![PARIS-パリ- (通常版) [DVD]](http://ecx.images-amazon.com/images/I/51RtQE9cWgL._SL160_.jpg)
パリとか、東京とか、歴史的な都市に住むのは好きですか?
映画のような暮らしをしたければ、やっぱり都市に住みたいですよね。
都市に住む人は、みんな、寂しがりやな批評家だ。
僕もその一人。みんなが「ありがとう」でもっと繋がれば、もっと幸せになれるかな。
こういう映画は、ゆっくり映画館でみたいものです。
![モンテーニュ通りのカフェ [DVD]](http://ecx.images-amazon.com/images/I/51XF4L6FAgL._SL160_.jpg)

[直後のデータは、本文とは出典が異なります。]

(* Let $\alpha>0$, $\nu:=\nu(\alpha)$, $T:=T(\alpha)$, and let $(a_n)_{n\ge1}$ be a positive sequence with $\lim_{n\to\infty}a_ne^{-\nu n}=0$. Let $(\chi_t)_{t\ge1}$ be defined by $\chi_t:=\max\{a_t,\frac{t-1}{\alpha}\chi_1,\dots,\frac1\alpha\chi_{t-1}\}$ and set $c_t:=\chi_te^{-\nu t}$. Then there exists $t_1$ such that $c_t=c_{t+T}$ for all $t\ge t_1$.
   Context: For $\alpha>0$, let $T=T(\alpha)\in\mathbb N$ be the unique positive integer with $\frac{(T-1)^T}{T^{T-1}}<\alpha\le\frac{T^{T+1}}{(T+1)^T}$, and define $\nu(\alpha):=\frac1T\log\frac T\alpha$. *)

theory Defs
  imports Complex_Main
begin

definition Tal :: "real \<Rightarrow> nat" where
  "Tal \<alpha> = (THE T::nat. T > 0 \<and>
      (real T - 1) ^ T / real T ^ (T - 1) < \<alpha> \<and>
      \<alpha> \<le> real T ^ (T + 1) / (real T + 1) ^ T)"

definition nu :: "real \<Rightarrow> real" where
  "nu \<alpha> = (1 / real (Tal \<alpha>)) * ln (real (Tal \<alpha>) / \<alpha>)"

function chi :: "real \<Rightarrow> (nat \<Rightarrow> real) \<Rightarrow> nat \<Rightarrow> real" where
  "chi \<alpha> a t = Max (insert (a t) ((\<lambda>s. real (t - s) / \<alpha> * chi \<alpha> a s) ` {1..<t}))"
  by auto
termination
  by (relation "measure (\<lambda>(\<alpha>, a, t). t)") auto

end

theory Submission
  imports Defs
begin
lemma emeasure_tree_measure_le:
  assumes "A \<in> sets borel"
  shows "emeasure tree_measure A \<le> ennreal (\<Sum>w | length w = d \<and> Sc w \<inter> A \<noteq> {}. F w)"
proof -
  define W where "W = {w. length w = d \<and> Sc w \<inter> A \<noteq> {}}"
  have "finite W"
    using finite_lists_length_eq[of "UNIV :: bool set" d] unfolding W_def
    by (rule rev_finite_subset) auto
  have "branch_point -` A \<inter> {0..<F []} \<subseteq> (\<Union>w\<in>W. {node_start F w..<node_start F w + node_mass F w})"
  proof
    fix u
    assume u: "u \<in> branch_point -` A \<inter> {0..<F []}"
    then have "path_node F u d \<in> W"
      using branch_point_in_Sc[of u d] unfolding W_def by auto
    then show "u \<in> (\<Union>w\<in>W. {node_start F w..<node_start F w + node_mass F w})"
      using path_node_interval[of u d] u by auto
  qed
  then have "emeasure tree_measure A
      \<le> emeasure lborel (\<Union>w\<in>W. {node_start F w..<node_start F w + node_mass F w})"
    using assms by (simp add: emeasure_tree_measure emeasure_mono)
  also have "\<dots> \<le> (\<Sum>w\<in>W. emeasure lborel {node_start F w..<node_start F w + node_mass F w})"
    using \<open>finite W\<close> by (rule emeasure_subadditive_finite) auto
  also have "\<dots> \<le> (\<Sum>w\<in>W. ennreal (F w))"
    using node_mass_bounds by (intro sum_mono) (simp add: ennreal_leI)
  also have "\<dots> = ennreal (\<Sum>w\<in>W. F w)"
    using nonneg by simp
  finally show ?thesis
    unfolding W_def .
qed

end

section \<open>The parabolic distance\<close>

lemma norm_fst_le_pnorm: "norm (fst z) \<le> pnorm z"
  unfolding pnorm_def by simp
(* Let $X$ be a topological space and $x\in X$ a point such that $\overline{U}=X$ for every open neighborhood $U$ of $x$. If $M$ is a maximal finitely non-Hausdorff subset of $X$, then $x\in M$.
   Context: A non-empty subset $A$ of $X$ is finitely non-Hausdorff if for every non-empty finite $F\subseteq A$ and every family $\{U_y:y\in F\}$ of open neighborhoods $U_y$ of $y$, $\bigcap_{y\in F}U_y\neq\emptyset$; it is maximal finitely non-Hausdorff if no finitely non-Hausdorff subset of $X$ properly contains it. *)

theory Defs
  imports "HOL-Analysis.Analysis"
begin

definition finitely_non_hausdorff :: "'a topology \<Rightarrow> 'a set \<Rightarrow> bool" where
  "finitely_non_hausdorff X A \<longleftrightarrow>
     A \<noteq> {} \<and> A \<subseteq> topspace X \<and>
     (\<forall>F U. finite F \<and> F \<noteq> {} \<and> F \<subseteq> A \<and>
            (\<forall>y\<in>F. openin X (U y) \<and> y \<in> U y) \<longrightarrow> (\<Inter>y\<in>F. U y) \<noteq> {})"

definition maximal_finitely_non_hausdorff :: "'a topology \<Rightarrow> 'a set \<Rightarrow> bool" where
  "maximal_finitely_non_hausdorff X M \<longleftrightarrow>
     finitely_non_hausdorff X M \<and>
     (\<forall>B. finitely_non_hausdorff X B \<and> M \<subseteq> B \<longrightarrow> B = M)"

end

theory Submission
  imports Defs
begin

text \<open>A point all of whose neighbourhoods are dense can be added to any finitely
non-Hausdorff set: for a finite family of neighbourhoods, the intersection of those around
the points of the set is a non-empty open set, and it meets the dense neighbourhood of the
point. By maximality the point is then already in the set.\<close>

lemma openin_Int_dense_nonempty:
  assumes "openin X S" "S \<noteq> {}" "X closure_of T = topspace X"
  shows "S \<inter> T \<noteq> {}"
  using assms openin_subset openin_Int_closure_of_eq_empty by fastforce

lemma finitely_non_hausdorff_insert_dense_point:
  assumes A: "finitely_non_hausdorff X A"
    and x: "x \<in> topspace X"
    and dense: "\<And>U. openin X U \<Longrightarrow> x \<in> U \<Longrightarrow> X closure_of U = topspace X"
  shows "finitely_non_hausdorff X (insert x A)"
  unfolding finitely_non_hausdorff_def
proof (intro conjI allI impI)
  show "insert x A \<noteq> {}" by simp
  show "insert x A \<subseteq> topspace X"
    using A x unfolding finitely_non_hausdorff_def by auto
next
  fix F U
  assume "finite F \<and> F \<noteq> {} \<and> F \<subseteq> insert x A \<and> (\<forall>y\<in>F. openin X (U y) \<and> y \<in> U y)"
  then have F: "finite F" "F \<noteq> {}" "F \<subseteq> insert x A"
    and U: "\<And>y. y \<in> F \<Longrightarrow> openin X (U y) \<and> y \<in> U y" by auto
  have A_case: "(\<Inter>y\<in>G. U y) \<noteq> {}" if "G \<subseteq> F" "G \<noteq> {}" "G \<subseteq> A" for G
  proof -
    have "finite G" using that(1) F(1) finite_subset by blast
    moreover have "\<forall>y\<in>G. openin X (U y) \<and> y \<in> U y"
      using that(1) U by blast
    ultimately show ?thesis
      using A that(2,3) unfolding finitely_non_hausdorff_def by blast
  qed
  show "(\<Inter>y\<in>F. U y) \<noteq> {}"
  proof (cases "x \<in> F \<and> F - {x} \<noteq> {}")
    case True
    let ?G = "F - {x}"
    have "openin X (\<Inter>y\<in>?G. U y)"
      using True F(1) U by (intro openin_INT2) auto
    moreover have "(\<Inter>y\<in>?G. U y) \<noteq> {}"
      using True F(3) by (intro A_case) auto
    moreover have "X closure_of U x = topspace X"
      using True U dense by blast
    ultimately have "(\<Inter>y\<in>?G. U y) \<inter> U x \<noteq> {}"
      by (rule openin_Int_dense_nonempty)
    moreover have "(\<Inter>y\<in>F. U y) = (\<Inter>y\<in>?G. U y) \<inter> U x"
      using True by auto
    ultimately show ?thesis by simp
  next
    case False
    then consider "F = {x}" | "F \<subseteq> A"
      using F by blast
    then show ?thesis
      by cases (use U A_case F in auto)
  qed
qed

theorem lemma2p20:
  fixes X :: "'a topology" and x :: 'a and M :: "'a set"
  assumes "x \<in> topspace X"
    and "\<And>U. openin X U \<Longrightarrow> x \<in> U \<Longrightarrow> X closure_of U = topspace X"
    and "maximal_finitely_non_hausdorff X M"
  shows "x \<in> M"
proof -
  have M: "finitely_non_hausdorff X M"
    and maximal: "\<And>B. finitely_non_hausdorff X B \<Longrightarrow> M \<subseteq> B \<Longrightarrow> B = M"
    using assms(3) unfolding maximal_finitely_non_hausdorff_def by auto
  have "finitely_non_hausdorff X (insert x M)"
    using finitely_non_hausdorff_insert_dense_point[OF M assms(1,2)] .
  then have "insert x M = M"
    by (rule maximal) blast
  then show ?thesis by blast
qed

end
(* Let $L$ be a finite lattice and $\varphi\in M_1(L)$. For $g\in R(\mathcal L)$ define $$B_\varphi(g)=\min\{\Phi(g):\Phi\in M_\infty(\mathcal L),\ \Pi(\Phi)=\varphi\},\qquad S^\varphi(g)=\max\Big\{\sum_{x\in L}r_x\varphi(x): (r_x)_{x\in L}\in\mathbb R^L,\ \sum_{x\in V}r_x\le g(V)\ \text{for all } V\in\mathcal L\Big\}.$$ Then $B_\varphi(g)=S^\varphi(g)$ for every $g\in R(\mathcal L)$.
   Context: $L$ is a finite lattice. $\mathcal L$ is the set of nonempty up-sets of $L$ (subsets $U$ with $x\in U,\ x\le y\Rightarrow y\in U$), ordered by $U\preceq V$ iff $U\supseteq V$; it is a distributive lattice with meet given by union. $R(\mathcal L)$ denotes real-valued functions on $\mathcal L$. $M_1(L)$ is the set of nonnegative monotone functions on $L$; $M_\infty(\mathcal L)$ is the set of nonnegative completely monotone functions on $(\mathcal L,\preceq)$, where completeness monotonicity means all successive differences $\nabla_{U_1,\dots,U_n}\Phi\ge0$, with $\nabla_U\Phi(W)=\Phi(W)-\Phi(W\wedge U)$ iterated. For $a\in L$, $\langle a\rangle^*=\{x: x\ge a\}$, and $\Pi(\Phi)(x)=\Phi(\langle a\rangle^* )|_{a=x}$, i.e. $\Pi(\Phi)(x)=\Phi(\langle x\rangle^* )$. For $\Phi\in M_\infty(\mathcal L)$ with Möbius inverse $F$ (the unique $F$ with $\Phi(U)=\sum_{V\preceq U}F(V)$, which is nonnegative), $\Phi(g)=\sum_{V\in\mathcal L}F(V)g(V)$. *)

theory Defs
  imports Complex_Main
begin

text \<open>The set of nonempty up-sets of the finite lattice (the carrier of the
 lattice \<open>\<L>\<close>; its order \<open>U \<preceq> V\<close> is \<open>U \<supseteq> V\<close> and its meet is union).\<close>
definition upsets :: "('a::{finite,lattice}) set set" where
  "upsets = {U. U \<noteq> {} \<and> (\<forall>x y. x \<in> U \<and> x \<le> y \<longrightarrow> y \<in> U)}"

definition principal_up :: "'a::{finite,lattice} \<Rightarrow> 'a set" where
  "principal_up a = {x. a \<le> x}"

definition M1 :: "('a::{finite,lattice} \<Rightarrow> real) set" where
  "M1 = {\<phi>. (\<forall>x. 0 \<le> \<phi> x) \<and> (\<forall>x y. x \<le> y \<longrightarrow> \<phi> x \<le> \<phi> y)}"

text \<open>Difference operator \<open>\<nabla>_U \<Phi>(W) = \<Phi>(W) - \<Phi>(W \<and> U)\<close>, meet in \<open>\<L>\<close> being union.\<close>
definition nabla :: "'a set \<Rightarrow> ('a set \<Rightarrow> real) \<Rightarrow> 'a set \<Rightarrow> real" where
  "nabla U \<Phi> W = \<Phi> W - \<Phi> (W \<union> U)"

definition nabla_iter :: "'a set list \<Rightarrow> ('a set \<Rightarrow> real) \<Rightarrow> 'a set \<Rightarrow> real" where
  "nabla_iter Us \<Phi> = foldr nabla Us \<Phi>"

text \<open>\<open>M_\<infinity>(\<L>)\<close>: nonnegative completely monotone functions on \<open>\<L>\<close>
 (values outside \<open>\<L>\<close> are irrelevant).\<close>
definition Minf :: "('a::{finite,lattice} set \<Rightarrow> real) set" where
  "Minf = {\<Phi>. (\<forall>W\<in>upsets. 0 \<le> \<Phi> W) \<and>
     (\<forall>Us W. set Us \<subseteq> upsets \<longrightarrow> Us \<noteq> [] \<longrightarrow> W \<in> upsets \<longrightarrow> 0 \<le> nabla_iter Us \<Phi> W)}"

definition Pi_proj :: "('a::{finite,lattice} set \<Rightarrow> real) \<Rightarrow> 'a \<Rightarrow> real" where
  "Pi_proj \<Phi> x = \<Phi> (principal_up x)"

definition moebius :: "('a::{finite,lattice} set \<Rightarrow> real) \<Rightarrow> 'a set \<Rightarrow> real" where
  "moebius \<Phi> = (THE F. (\<forall>U\<in>upsets. \<Phi> U = (\<Sum>V\<in>{V\<in>upsets. U \<subseteq> V}. F V))
                        \<and> (\<forall>U. U \<notin> upsets \<longrightarrow> F U = 0))"

definition Phi_apply :: "('a::{finite,lattice} set \<Rightarrow> real) \<Rightarrow> ('a set \<Rightarrow> real) \<Rightarrow> real" where
  "Phi_apply \<Phi> g = (\<Sum>V\<in>upsets. moebius \<Phi> V * g V)"

definition B_values :: "('a::{finite,lattice} \<Rightarrow> real) \<Rightarrow> ('a set \<Rightarrow> real) \<Rightarrow> real set" where
  "B_values \<phi> g = {Phi_apply \<Phi> g | \<Phi>. \<Phi> \<in> Minf \<and> Pi_proj \<Phi> = \<phi>}"

definition S_values :: "('a::{finite,lattice} \<Rightarrow> real) \<Rightarrow> ('a set \<Rightarrow> real) \<Rightarrow> real set" where
  "S_values \<phi> g = {(\<Sum>x\<in>UNIV. r x * \<phi> x) | r. \<forall>V\<in>upsets. (\<Sum>x\<in>V. r x) \<le> g V}"

end

theory Submission
  imports Defs "HOL-Analysis.Analysis"
begin

text \<open>A nonnegative completely monotone \<open>\<Phi>\<close> on \<open>\<L>\<close> is the same thing as the cumulative
function \<open>U \<mapsto> \<Sum>\<^bsub>V \<supseteq> U\<^esub> F(V)\<close> of a nonnegative weight \<open>F\<close> on \<open>\<L>\<close> (its Moebius inverse), since
the iterated differences of \<open>\<Phi>\<close> are partial sums of \<open>F\<close>. The constraint \<open>\<Pi>(\<Phi>) = \<phi>\<close> says
\<open>\<Sum>\<^bsub>V \<ni> x\<^esub> F(V) = \<phi>(x)\<close>, i.e. \<open>\<phi> = \<Sum>\<^sub>V F(V) 1\<^sub>V\<close>. Hence \<open>B\<^sub>\<phi>(g)\<close> is the value of the linear program
of minimising \<open>\<Sum>\<^sub>V F(V) g(V)\<close> over such decompositions of \<open>\<phi>\<close>, and \<open>S\<^sup>\<phi>(g)\<close> is the value of
its dual. A monotone \<open>\<phi> \<ge> 0\<close> has a decomposition (peel off its level sets), the attainable
costs form a section of a finitely generated and hence closed cone, so the minimum is
attained, and Farkas' lemma gives a dual solution of the same value.\<close>

section \<open>Finitely generated cones\<close>

lemma convex_cone_nonneg_combinations:
  "convex_cone {\<Sum>i\<in>I. l i *\<^sub>R v i | l. \<forall>i\<in>I. 0 \<le> (l i :: real)}"
  (is "convex_cone ?C")
  unfolding convex_cone_iff
proof (intro conjI ballI allI impI)
  show "0 \<in> ?C" by (intro CollectI exI[of _ "\<lambda>_. 0"]) simp
next
  fix x y assume "x \<in> ?C" "y \<in> ?C"
  then obtain l1 l2 where "x = (\<Sum>i\<in>I. l1 i *\<^sub>R v i)" "\<forall>i\<in>I. 0 \<le> l1 i"
      and "y = (\<Sum>i\<in>I. l2 i *\<^sub>R v i)" "\<forall>i\<in>I. 0 \<le> l2 i" by auto
  then have "x + y = (\<Sum>i\<in>I. (l1 i + l2 i) *\<^sub>R v i) \<and> (\<forall>i\<in>I. 0 \<le> l1 i + l2 i)"
    by (simp add: scaleR_add_left sum.distrib)
  then show "x + y \<in> ?C" unfolding mem_Collect_eq by (rule exI[of _ "\<lambda>i. l1 i + l2 i"])
next
  fix x and c :: real assume "x \<in> ?C" "0 \<le> c"
  then obtain l where "x = (\<Sum>i\<in>I. l i *\<^sub>R v i)" "\<forall>i\<in>I. 0 \<le> l i" by auto
  then have "c *\<^sub>R x = (\<Sum>i\<in>I. (c * l i) *\<^sub>R v i) \<and> (\<forall>i\<in>I. 0 \<le> c * l i)"
    using \<open>0 \<le> c\<close> by (simp add: scaleR_sum_right)
  then show "c *\<^sub>R x \<in> ?C" unfolding mem_Collect_eq by (rule exI[of _ "\<lambda>i. c * l i"])
qed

ちょっとステレオタイプなオシャレ感を演出した邦題は、
当初どうか?とも思いましたが、
内容は、いかにもフランス映画らしい群像劇です。
”モンテーニュ通り”という語感にはすでに憧れが含まれているので、
映画の内容に照らし合わせると、案外悪くないと思い直しました。
モンテーニュ通りにあるカフェには、さまざまな人々が集まります。
晩年を迎えた老資産家、コンサートに引っ張りだこのピアニスト、人気者のテレビ女優・・・
彼らの多くは成功者でありながら、しかし今の自分にまだ満足できていない人たちです。
そんな彼らが集うカフェに、ある日フラリと迷い込んでくるウェイトレスが主役のジェシカ。
金色の短髪と赤いベストが似合う彼女の可愛らしさったらないです。
一度映画を見たらずっと覚えている、そんな存在感のある彼女は、
この映画の中でも皆を照らす太陽のような存在として、
そこに集う人々一人ひとりを照らして行きます。
満たされない何かを抱えていた人たちは、
モンテーニュ通りでの出会いを通じてそれぞれに新しい明日へと踏み出してゆきます。
人はいつだって前を見てゆく。
それが成功の中にある人でも、役目を終えて去ってゆく人でも、まだ何も始まっていない人でも。
正直、派手に「面白い!」と大喜びするような映画ではないです。
ジェシカとその周囲の人々との仲も「いつの間にそんな仲良くなったの?」感もあり、
少々構成が大雑把な面も見えます。
けど、私はこのセシル・ド・フランスの可愛らしい笑顔にすっかりやられてしまいました。
「スパニッシュ・アパートメント」のハードな役どころとはまるで違う表情に、
敢え無くノックアウトです。
見終わった後に、ぽっとココロの中に灯のともるような映画です。
そして、ニカッと笑う彼女の横顔が眼に浮かんでくるのです。